And I grant that the believable women Blair gets involved with—his selfish idealized attachments to his “keeps” (you’ll have to read the book to find out what that means) and to the one woman with whom he thinks he has fallen in love—and the vividly described—steamy, really—sex Blair has with them—are imagined.

But Theroux’s beautiful passages that immerse us in the landscape of Burma, its birds, its flowers, its trees and foliage, its rivers and creeks—its sensuality—certainly are not imagined.

And I am convinced that the Blair in Theroux’s novel is not a fiction. I refuse to believe that the Blair who spurns the usual progression of a British schoolboy from Eton to Oxbridge and instead goes to Burma—his Oxford as he says--to be a policeman, is imagined.

The Blair who says upon his arrival in Burma: “I hate this, I shouldn’t be here, I will never succeed”—is not imagined. The Blair who is self-conscious about being tall, who can feel clumsy and ugly, is ashamed of his parents, who is incapable of refusing an order even though he almost always wants to, who feels his role as a policeman is turning him into someone he despises, I believe this is the real Eric Blair.

When we see Blair recognize the inevitability of seeing his life in Burma through the eyes and words of Kipling or reading and admiring and wishing he could write like his heroes: Jack London, Butler, Wells, Lawrence, Maugham, and dismissing the writers—Huxley, Forster--he believes waste his time or get it all wrong, we are seeing the real Eric Blair.

When Theroux slowly reveals for us the emergence of Blair’s secret self—the rebel who despises authority, the diarist, the notetaker who sees salvation in writing-- who becomes the someone he had always known was inside him, “the inner man Blair thought of as George,” Theroux is telling us about the real Eric Blair.

Throughout the book Theroux gives us hints of some of the books and essays Eric Blair will write once he becomes George Orwell: Burmese Days, obviously; “Shooting an Elephant”; Down and Out in Paris and London (because “being a tramp was a proper vocation and a refuge”); Animal Farm (where some are more equal than others); and--when a colleague of Blair says at one point “the rat has its uses,” and Blair is appalled at seeing a dead man’s face that has been gnawed by a rat; and when Blair visits a prison built around a panopticon and asks himself “what if a whole society was a panopticon with a tyrant at its center in the watchtower,” an all-seeing eye--1984.
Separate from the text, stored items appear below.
text \<open>
  Since \<open>pexp\<close> is injective near a point of the half-plane, polar analyticity at
  \<open>p = (r\<^sub>0, \<theta>\<^sub>0)\<close> yields a Caratheodory factorisation
  \<open>f q - f p = Q q * (pexp q - pexp p)\<close> with \<open>Q\<close> continuous at \<open>p\<close> and \<open>Q p = D_pol f D p\<close>.
  Hence \<open>(f \<circ> \<gamma>)'(0) = D_pol f D p * (pexp \<circ> \<gamma>)'(0)\<close>, and for
  \<open>\<gamma>'(0) = k (cos \<phi>, sin \<phi>)\<close> the polar coordinates give
  \<open>(pexp \<circ> \<gamma>)'(0) = k e\<^sup>i\<^sup>\<theta>\<^sup>0 (cos \<phi> + i r\<^sub>0 sin \<phi>)\<close>.
  Multiplication by the nonzero number \<open>D_pol f D p * e\<^sup>i\<^sup>\<theta>\<^sup>0\<close> is a rotation-dilation,
  so \<open>\<beta>\<close> is the angle between \<open>cos \<phi>\<^sub>j + i r\<^sub>0 sin \<phi>\<^sub>j\<close>; for \<open>r\<^sub>0 = 1\<close> these are
  the tangent directions of the \<open>\<gamma>\<^sub>j\<close> themselves.
\<close>

lemma has_vector_derivative_iff_tendsto_quotient:
  fixes F :: "real \<Rightarrow> 'a::real_normed_vector"
  shows "(F has_vector_derivative F') (at x) \<longleftrightarrow>
         ((\<lambda>t. (F t - F x) /\<^sub>R (t - x)) \<longlongrightarrow> F') (at x)"
proof -
  have "\<forall>\<^sub>F t in at x. norm (F t - F x - (t - x) *\<^sub>R F') / norm (t - x)
                      = norm ((F t - F x) /\<^sub>R (t - x) - F')"
  proof (rule eventually_mono[OF eventually_neq_at_within])
    fix t assume "t \<noteq> x"
    then have "F t - F x - (t - x) *\<^sub>R F' = (t - x) *\<^sub>R ((F t - F x) /\<^sub>R (t - x) - F')"
      by (simp add: scaleR_diff_right)
    with \<open>t \<noteq> x\<close> show "norm (F t - F x - (t - x) *\<^sub>R F') / norm (t - x)
                      = norm ((F t - F x) /\<^sub>R (t - x) - F')"
      by simp
  qed
  then show ?thesis
    unfolding has_vector_derivative_def has_derivative_iff_norm
    by (simp add: bounded_linear_scaleR_left tendsto_cong tendsto_norm_zero_iff LIM_zero_iff)
qed

lemma has_vector_derivative_caratheodory_comp:
  fixes \<gamma> :: "real \<Rightarrow> 'a::t2_space" and f g Q :: "'a \<Rightarrow> 'b::real_normed_field"
  assumes N: "open N" "\<gamma> x \<in> N"
    and factor: "\<And>q. q \<in> N \<Longrightarrow> f q - f (\<gamma> x) = Q q * (g q - g (\<gamma> x))"
    and Q: "isCont Q (\<gamma> x)" and \<gamma>: "isCont \<gamma> x"
    and g: "((g \<circ> \<gamma>) has_vector_derivative G) (at x)"
  shows "((f \<circ> \<gamma>) has_vector_derivative Q (\<gamma> x) * G) (at x)"
proof -
  have \<gamma>_lim: "(\<gamma> \<longlongrightarrow> \<gamma> x) (at x)"
    using \<gamma> by (simp add: isCont_def)
  have "((\<lambda>t. Q (\<gamma> t) * ((g (\<gamma> t) - g (\<gamma> x)) /\<^sub>R (t - x))) \<longlongrightarrow> Q (\<gamma> x) * G) (at x)"
    using isCont_tendsto_compose[OF Q \<gamma>_lim] g
    by (intro tendsto_mult) (simp_all add: has_vector_derivative_iff_tendsto_quotient)
  moreover have "\<forall>\<^sub>F t in at x. Q (\<gamma> t) * ((g (\<gamma> t) - g (\<gamma> x)) /\<^sub>R (t - x))
                                = (f (\<gamma> t) - f (\<gamma> x)) /\<^sub>R (t - x)"
    using topological_tendstoD[OF \<gamma>_lim N] by eventually_elim (simp add: factor)
  ultimately have "((\<lambda>t. (f (\<gamma> t) - f (\<gamma> x)) /\<^sub>R (t - x)) \<longlongrightarrow> Q (\<gamma> x) * G) (at x)"
    by (rule Lim_transform_eventually)
  then show ?thesis
    by (simp add: has_vector_derivative_iff_tendsto_quotient)
qed

lemma pexp_eq_Complex: "pexp q = Complex (fst q * cos (snd q)) (fst q * sin (snd q))"
  unfolding pexp_def by (simp add: cis_conv_exp[symmetric] complex_eq_iff)

lemma has_vector_derivative_pexp_comp:
  fixes \<gamma> :: "real \<Rightarrow> real \<times> real"
  assumes "(\<gamma> has_vector_derivative (u, v)) (at x)"
  shows "((pexp \<circ> \<gamma>) has_vector_derivative
           exp (\<i> * snd (\<gamma> x)) * Complex u (fst (\<gamma> x) * v)) (at x)"
proof -
  have r: "((\<lambda>t. fst (\<gamma> t)) has_real_derivative u) (at x)"
    and \<theta>: "((\<lambda>t. snd (\<gamma> t)) has_real_derivative v) (at x)"
    using bounded_linear.has_vector_derivative[OF bounded_linear_fst assms]
      bounded_linear.has_vector_derivative[OF bounded_linear_snd assms]
    by (simp_all add: has_real_derivative_iff_has_vector_derivative)
  have "((\<lambda>t. fst (\<gamma> t) * cos (snd (\<gamma> t))) has_real_derivative
          u * cos (snd (\<gamma> x)) - fst (\<gamma> x) * v * sin (snd (\<gamma> x))) (at x)"
    "((\<lambda>t. fst (\<gamma> t) * sin (snd (\<gamma> t))) has_real_derivative
          u * sin (snd (\<gamma> x)) + fst (\<gamma> x) * v * cos (snd (\<gamma> x))) (at x)"
    by (auto intro!: derivative_eq_intros r \<theta>)
  then show ?thesis
    by (simp add: has_vector_derivative_complex_iff o_def pexp_eq_Complex
        has_real_derivative_iff_has_vector_derivative cis_conv_exp[symmetric] algebra_simps)
qed

lemma pexp_eq_imp_eq:
  assumes "fst p > 0" "fst q > 0" "q \<in> ball p (2 * pi)" "pexp q = pexp p"
  shows "q = p"
proof -
  have "norm (pexp q) = fst q" "norm (pexp p) = fst p"
    using assms(1,2) by (simp_all add: pexp_def norm_mult)
  with assms(4) have r: "fst q = fst p"
    by simp
  with assms(1,4) have "exp (\<i> * snd q) = exp (\<i> * snd p)"
    by (simp add: pexp_def)
  then obtain n :: int where "\<i> * snd q = \<i> * snd p + (of_int (2 * n) * pi) * \<i>"
    using exp_eq by blast
  then have n: "snd q = snd p + 2 * n * pi"
    by (simp add: complex_eq_iff)
  have "\<bar>snd q - snd p\<bar> \<le> dist q p"
    using dist_snd_le[of q p] by (simp add: dist_real_def)
  also have "\<dots> < 2 * pi"
    using assms(3) by (simp add: dist_commute)
  finally have "\<bar>n\<bar> < 1"
    by (simp add: n abs_mult)
  with n r show ?thesis
    by (simp add: prod_eq_iff)
qed

lemma pol_filter_eq_at:
  assumes "open D" "D \<subseteq> Hpol" "p \<in> D"
  shows "pol_filter D p = at p"
proof -
  let ?N = "D \<inter> ball p (2 * pi)"
  have "fst p > 0"
    using assms(2,3) by (auto simp: Hpol_def)
  then have "{q \<in> D. pexp q \<noteq> pexp p} \<inter> ?N - {p} = UNIV \<inter> ?N - {p}"
    using assms(2) pexp_eq_imp_eq[of p] by (force simp: Hpol_def)
  from at_within_nhd[OF _ _ this] assms show ?thesis
    by (simp add: pol_filter_def open_Int)
qed

lemma polar_analytic_on_caratheodory:
  assumes "open D" "D \<subseteq> Hpol" "polar_analytic_on f D" "p \<in> D"
  obtains N Q where "open N" "p \<in> N" "isCont Q p" "Q p = D_pol f D p"
    "\<And>q. q \<in> N \<Longrightarrow> f q - f p = Q q * (pexp q - pexp p)"
proof -
  have filter: "pol_filter D p = at p"
    using assms(1,2,4) by (rule pol_filter_eq_at)
  obtain l where l: "(pol_quot f p \<longlongrightarrow> l) (at p)"
    using assms(3,4) filter unfolding polar_analytic_on_def by auto
  then have "D_pol f D p = l"
    unfolding D_pol_def filter by (rule tendsto_Lim[OF at_neq_bot])
  define Q where "Q q = (if q = p then l else pol_quot f p q)" for q
  have "isCont Q p"
  proof -
    have "\<forall>\<^sub>F q in at p. pol_quot f p q = Q q"
      by (rule eventually_mono[OF eventually_neq_at_within[of p]]) (simp add: Q_def)
    with l have "(Q \<longlongrightarrow> l) (at p)"
      by (rule Lim_transform_eventually)
    then show ?thesis
      by (simp add: isCont_def Q_def)
  qed
  moreover have "f q - f p = Q q * (pexp q - pexp p)" if "q \<in> D \<inter> ball p (2 * pi)" for q
    using that assms(2,4) pexp_eq_imp_eq[of p q]
    by (auto simp: Q_def pol_quot_def Hpol_def)
  ultimately show ?thesis
    using that[of "D \<inter> ball p (2 * pi)" Q] assms(1,4) \<open>D_pol f D p = l\<close>
    by (auto simp: Q_def)
qed

lemma has_vector_derivative_polar_analytic_comp:
  fixes \<gamma> :: "real \<Rightarrow> real \<times> real"
  assumes "open D" "D \<subseteq> Hpol" "polar_analytic_on f D" "\<gamma> x \<in> D"
    and \<gamma>: "(\<gamma> has_vector_derivative (u, v)) (at x)"
  shows "((f \<circ> \<gamma>) has_vector_derivative
           D_pol f D (\<gamma> x) * exp (\<i> * snd (\<gamma> x)) * Complex u (fst (\<gamma> x) * v)) (at x)"
proof -
  obtain N Q where N: "open N" "\<gamma> x \<in> N" and Q: "isCont Q (\<gamma> x)" "Q (\<gamma> x) = D_pol f D (\<gamma> x)"
    and factor: "\<And>q. q \<in> N \<Longrightarrow> f q - f (\<gamma> x) = Q q * (pexp q - pexp (\<gamma> x))"
    using polar_analytic_on_caratheodory[OF assms(1-4)] by blast
  have "isCont \<gamma> x"
    using \<gamma> by (rule has_vector_derivative_continuous)
  from has_vector_derivative_caratheodory_comp[OF N factor Q(1) this
      has_vector_derivative_pexp_comp[OF \<gamma>]]
  show ?thesis
    by (simp add: Q(2) mult.assoc)
qed

lemma has_vector_derivative_polar_analytic_comp_direction:
  fixes \<gamma> :: "real \<Rightarrow> real \<times> real"
  assumes "open D" "D \<subseteq> Hpol" "polar_analytic_on f D" "\<gamma> x \<in> D" "\<gamma> differentiable (at x)"
    and "vector_derivative \<gamma> (at x) = k *\<^sub>R (cos \<phi>, sin \<phi>)"
  shows "((f \<circ> \<gamma>) has_vector_derivative
           D_pol f D (\<gamma> x) * exp (\<i> * snd (\<gamma> x)) * (k *\<^sub>R Complex (cos \<phi>) (fst (\<gamma> x) * sin \<phi>)))
         (at x)"
proof -
  have "(\<gamma> has_vector_derivative (k * cos \<phi>, k * sin \<phi>)) (at x)"
    using assms(5,6) by (simp add: vector_derivative_works)
  note has_vector_derivative_polar_analytic_comp[where \<gamma> = \<gamma> and x = x, OF assms(1-4) this]
  moreover have "Complex (k * cos \<phi>) (fst (\<gamma> x) * (k * sin \<phi>))
                 = k *\<^sub>R Complex (cos \<phi>) (fst (\<gamma> x) * sin \<phi>)"
    by (simp add: complex_eq_iff)
  ultimately show ?thesis
    by simp
qed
Theroux’s Blair thinks that readers “get to know fictional characters with more intimacy than any living person.” Well, by the end of Burma Sahib, the reader knows the formative experiences and ideas of Eric Blair—of George Orwell, the most influential writer of the 20th century-- more intimately than it is possible to know him from any biography. This is Paul Theroux’s great achievement in this great book.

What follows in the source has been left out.